• **What you are asked to do**
Could you print every line from the first one of the records below through the line containing "by (simp add: ennreal_plus ennreal_mult)", with both included and nothing else?

(Source material begins)

lemma nn_integral_laplace_noise_component:
  assumes "finite I" "i \<in> I"
  shows "(\<integral>\<^sup>+z. f (z i) \<partial>laplace_noise I s) = (\<integral>\<^sup>+t. f t \<partial>discrete_laplace s)"
proof -
  have "map_pmf (\<lambda>z. z i) (laplace_noise I s) = discrete_laplace s"
    unfolding laplace_noise_def using assms by (simp add: Pi_pmf_component)
  then show ?thesis
    by (metis nn_integral_map_pmf)
qed

lemma laplace_noise_diff_second_moment_le:
  assumes I: "finite I" "i \<in> I" "j \<in> I" and s: "s > 0"
  shows "(\<integral>\<^sup>+z. ennreal ((real_of_int (z i) - real_of_int (z j))\<^sup>2) \<partial>laplace_noise I s) \<le> ennreal (256 / s\<^sup>2)"
proof -
  have four_times: "2 * ennreal c + 2 * ennreal c = ennreal (4 * c)" if "0 \<le> c" for c :: real
    using that by (simp add: ennreal_mult flip: distrib_right)
  define M where "M = (\<integral>\<^sup>+t. ennreal ((real_of_int t)\<^sup>2) \<partial>discrete_laplace s)"
  have "(\<integral>\<^sup>+z. ennreal ((real_of_int (z i) - real_of_int (z j))\<^sup>2) \<partial>laplace_noise I s)
      \<le> (\<integral>\<^sup>+z. 2 * ennreal ((real_of_int (z i))\<^sup>2) + 2 * ennreal ((real_of_int (z j))\<^sup>2) \<partial>laplace_noise I s)"
  proof (rule nn_integral_mono)
    fix z :: "'a \<Rightarrow> int"
    have "(real_of_int (z i) - real_of_int (z j))\<^sup>2 \<le> 2 * (real_of_int (z i))\<^sup>2 + 2 * (real_of_int (z j))\<^sup>2"
      using zero_le_power2[of "real_of_int (z i) + real_of_int (z j)"]
      unfolding power2_diff power2_sum by linarith
    moreover have "ennreal (2 * (real_of_int (z i))\<^sup>2 + 2 * (real_of_int (z j))\<^sup>2)
        = 2 * ennreal ((real_of_int (z i))\<^sup>2) + 2 * ennreal ((real_of_int (z j))\<^sup>2)"
      by (simp add: ennreal_plus ennreal_mult)
    ultimately show "ennreal ((real_of_int (z i) - real_of_int (z j))\<^sup>2)
        \<le> 2 * ennreal ((real_of_int (z i))\<^sup>2) + 2 * ennreal ((real_of_int (z j))\<^sup>2)"
      by (metis ennreal_leI)
  qed
  also have "\<dots> = 2 * M + 2 * M"
    using nn_integral_laplace_noise_component[OF I(1,2), where f = "\<lambda>t. ennreal ((real_of_int t)\<^sup>2)"]
      nn_integral_laplace_noise_component[OF I(1,3), where f = "\<lambda>t. ennreal ((real_of_int t)\<^sup>2)"]
    by (simp add: nn_integral_add nn_integral_cmult M_def)
  also have "\<dots> \<le> 2 * ennreal (64 / s\<^sup>2) + 2 * ennreal (64 / s\<^sup>2)"
    unfolding M_def by (intro add_mono mult_left_mono discrete_laplace_second_moment_le s) auto
  also have "\<dots> = ennreal (256 / s\<^sup>2)"
    using four_times[of "64 / s\<^sup>2"] by simp
  finally show ?thesis .
qed

text \<open>Reflecting by flip h negates W h and fixes the other summands, so the cross terms of the
  square cancel: E[(W + S)^2] = E[(-W + S)^2], and the average of the two is E[W^2] + E[S^2].\<close>

lemma nn_integral_square_sum_sign_symmetric:
  fixes P :: "'a pmf" and W :: "'b \<Rightarrow> 'a \<Rightarrow> real" and flip :: "'b \<Rightarrow> 'a \<Rightarrow> 'a"
  assumes "finite H"
    and invariant: "\<And>h. map_pmf (flip h) P = P"
    and flip: "\<And>h h' z. W h (flip h' z) = (if h = h' then - W h z else W h z)"
  shows "(\<integral>\<^sup>+z. ennreal ((\<Sum>h\<in>H. W h z)\<^sup>2) \<partial>P) = (\<Sum>h\<in>H. \<integral>\<^sup>+z. ennreal ((W h z)\<^sup>2) \<partial>P)"
  using \<open>finite H\<close>
proof (induction H rule: finite_induct)
  case empty
  then show ?case by simp
next
  case (insert h H)
  define S where "S z = (\<Sum>h'\<in>H. W h' z)" for z
  have S_flip: "S (flip h z) = S z" for z
    unfolding S_def using insert.hyps(2) by (intro sum.cong) (auto simp: flip)
  define X where "X = (\<integral>\<^sup>+z. ennreal ((W h z + S z)\<^sup>2) \<partial>P)"
  have X_flip: "X = (\<integral>\<^sup>+z. ennreal ((- W h z + S z)\<^sup>2) \<partial>P)"
    unfolding X_def
    by (subst (1) invariant[of h, symmetric]) (simp add: S_flip flip)
  have "X + X = (\<integral>\<^sup>+z. ennreal ((W h z + S z)\<^sup>2) + ennreal ((- W h z + S z)\<^sup>2) \<partial>P)"
    by (subst (2) X_flip) (simp add: X_def nn_integral_add)
  also have "\<dots> = (\<integral>\<^sup>+z. (ennreal ((W h z)\<^sup>2) + ennreal ((S z)\<^sup>2)) + (ennreal ((W h z)\<^sup>2) + ennreal ((S z)\<^sup>2)) \<partial>P)"
  proof (rule nn_integral_cong)
    fix z
    have "(W h z + S z)\<^sup>2 + (- W h z + S z)\<^sup>2 = ((W h z)\<^sup>2 + (S z)\<^sup>2) + ((W h z)\<^sup>2 + (S z)\<^sup>2)"
      by (simp add: power2_eq_square algebra_simps)
    then show "ennreal ((W h z + S z)\<^sup>2) + ennreal ((- W h z + S z)\<^sup>2)
        = (ennreal ((W h z)\<^sup>2) + ennreal ((S z)\<^sup>2)) + (ennreal ((W h z)\<^sup>2) + ennreal ((S z)\<^sup>2))"
      by (simp add: ennreal_plus[symmetric] del: ennreal_plus)
  qed
  also have "\<dots> = ((\<integral>\<^sup>+z. ennreal ((W h z)\<^sup>2) \<partial>P) + (\<integral>\<^sup>+z. ennreal ((S z)\<^sup>2) \<partial>P))
      + ((\<integral>\<^sup>+z. ennreal ((W h z)\<^sup>2) \<partial>P) + (\<integral>\<^sup>+z. ennreal ((S z)\<^sup>2) \<partial>P))"
    by (simp add: nn_integral_add)
  finally have "X = (\<integral>\<^sup>+z. ennreal ((W h z)\<^sup>2) \<partial>P) + (\<integral>\<^sup>+z. ennreal ((S z)\<^sup>2) \<partial>P)"
    by (metis add_strict_mono linorder_less_linear order_less_imp_not_eq)
  then show ?case
    using insert by (simp add: X_def S_def)
qed

lemma measure_pmf_le_if_pmf_le:
  fixes p q :: "'a pmf"
  assumes "\<And>w. pmf p w \<le> c * pmf q w" "0 \<le> c"
  shows "measure p A \<le> c * measure q A"
proof -
  have emeasure_eq: "emeasure r A = (\<integral>\<^sup>+w. ennreal (pmf r w) * indicator A w \<partial>count_space UNIV)" for r :: "'a pmf"
    by (subst nn_integral_measure_pmf[symmetric]) simp
  have "emeasure p A \<le> (\<integral>\<^sup>+w. ennreal c * (ennreal (pmf q w) * indicator A w) \<partial>count_space UNIV)"
    unfolding emeasure_eq using assms
    by (intro nn_integral_mono) (auto simp: indicator_def ennreal_mult[symmetric] intro!: ennreal_leI)
  also have "\<dots> = ennreal c * emeasure q A"
    unfolding emeasure_eq by (rule nn_integral_cmult) simp
  finally show ?thesis
    using assms(2) by (simp add: measure_pmf.emeasure_eq_measure ennreal_mult[symmetric])
qed

definition prefix_sum :: "(nat \<Rightarrow> real) \<Rightarrow> nat \<Rightarrow> real" where
  "prefix_sum x t = (\<Sum>i\<in>{0<..t}. x i)"

lemma sum_greaterThanAtMost_eq_prefix_sum_diff:
  assumes "lo \<le> hi"
  shows "(\<Sum>i\<in>{lo<..hi}. x i) = prefix_sum x hi - prefix_sum x lo"
proof -
  have "{0<..hi} = {0<..lo} \<union> {lo<..hi}" "{0<..lo} \<inter> {lo<..hi} = {}"
    using assms by auto
  then show ?thesis
    unfolding prefix_sum_def by (simp add: sum.union_disjoint)
qed

lemma range_query_eq_prefix_sum_diff:
  assumes "1 \<le> l" "l \<le> r"
  shows "range_query (l, r) x = prefix_sum x r - prefix_sum x (l - 1)"
proof -
  have "{l..r} = {l - 1<..r}" using assms by auto
  then show ?thesis
    unfolding range_query_def using assms by (simp add: sum_greaterThanAtMost_eq_prefix_sum_diff)
qed

text \<open>For h < m and odd a, the block of level h and index a is the dyadic interval
  ((a - 1) 2^h, a 2^h]; for even a it is empty. The blocks of level m are the prefixes (0, a 2^m].\<close>

definition dyadic_block :: "nat \<Rightarrow> nat \<Rightarrow> nat \<Rightarrow> nat set" where
  "dyadic_block m h a = (if h < m then {a div 2 * 2 ^ (h + 1) <.. a * 2 ^ h} else {0 <.. a * 2 ^ m})"

definition block_sum :: "nat \<Rightarrow> nat \<Rightarrow> nat \<Rightarrow> (nat \<Rightarrow> real) \<Rightarrow> real" where
  "block_sum m h a x = (\<Sum>i\<in>dyadic_block m h a. x i)"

(Source material ends)

• **Solution below**
lemma nn_integral_laplace_noise_component:
  assumes "finite I" "i \<in> I"
  shows "(\<integral>\<^sup>+z. f (z i) \<partial>laplace_noise I s) = (\<integral>\<^sup>+t. f t \<partial>discrete_laplace s)"
proof -
  have "map_pmf (\<lambda>z. z i) (laplace_noise I s) = discrete_laplace s"
    unfolding laplace_noise_def using assms by (simp add: Pi_pmf_component)
  then show ?thesis
    by (metis nn_integral_map_pmf)
qed

lemma laplace_noise_diff_second_moment_le:
  assumes I: "finite I" "i \<in> I" "j \<in> I" and s: "s > 0"
  shows "(\<integral>\<^sup>+z. ennreal ((real_of_int (z i) - real_of_int (z j))\<^sup>2) \<partial>laplace_noise I s) \<le> ennreal (256 / s\<^sup>2)"
proof -
  have four_times: "2 * ennreal c + 2 * ennreal c = ennreal (4 * c)" if "0 \<le> c" for c :: real
    using that by (simp add: ennreal_mult flip: distrib_right)
  define M where "M = (\<integral>\<^sup>+t. ennreal ((real_of_int t)\<^sup>2) \<partial>discrete_laplace s)"
  have "(\<integral>\<^sup>+z. ennreal ((real_of_int (z i) - real_of_int (z j))\<^sup>2) \<partial>laplace_noise I s)
      \<le> (\<integral>\<^sup>+z. 2 * ennreal ((real_of_int (z i))\<^sup>2) + 2 * ennreal ((real_of_int (z j))\<^sup>2) \<partial>laplace_noise I s)"
  proof (rule nn_integral_mono)
    fix z :: "'a \<Rightarrow> int"
    have "(real_of_int (z i) - real_of_int (z j))\<^sup>2 \<le> 2 * (real_of_int (z i))\<^sup>2 + 2 * (real_of_int (z j))\<^sup>2"
      using zero_le_power2[of "real_of_int (z i) + real_of_int (z j)"]
      unfolding power2_diff power2_sum by linarith
    moreover have "ennreal (2 * (real_of_int (z i))\<^sup>2 + 2 * (real_of_int (z j))\<^sup>2)
        = 2 * ennreal ((real_of_int (z i))\<^sup>2) + 2 * ennreal ((real_of_int (z j))\<^sup>2)"
      by (simp add: ennreal_plus ennreal_mult)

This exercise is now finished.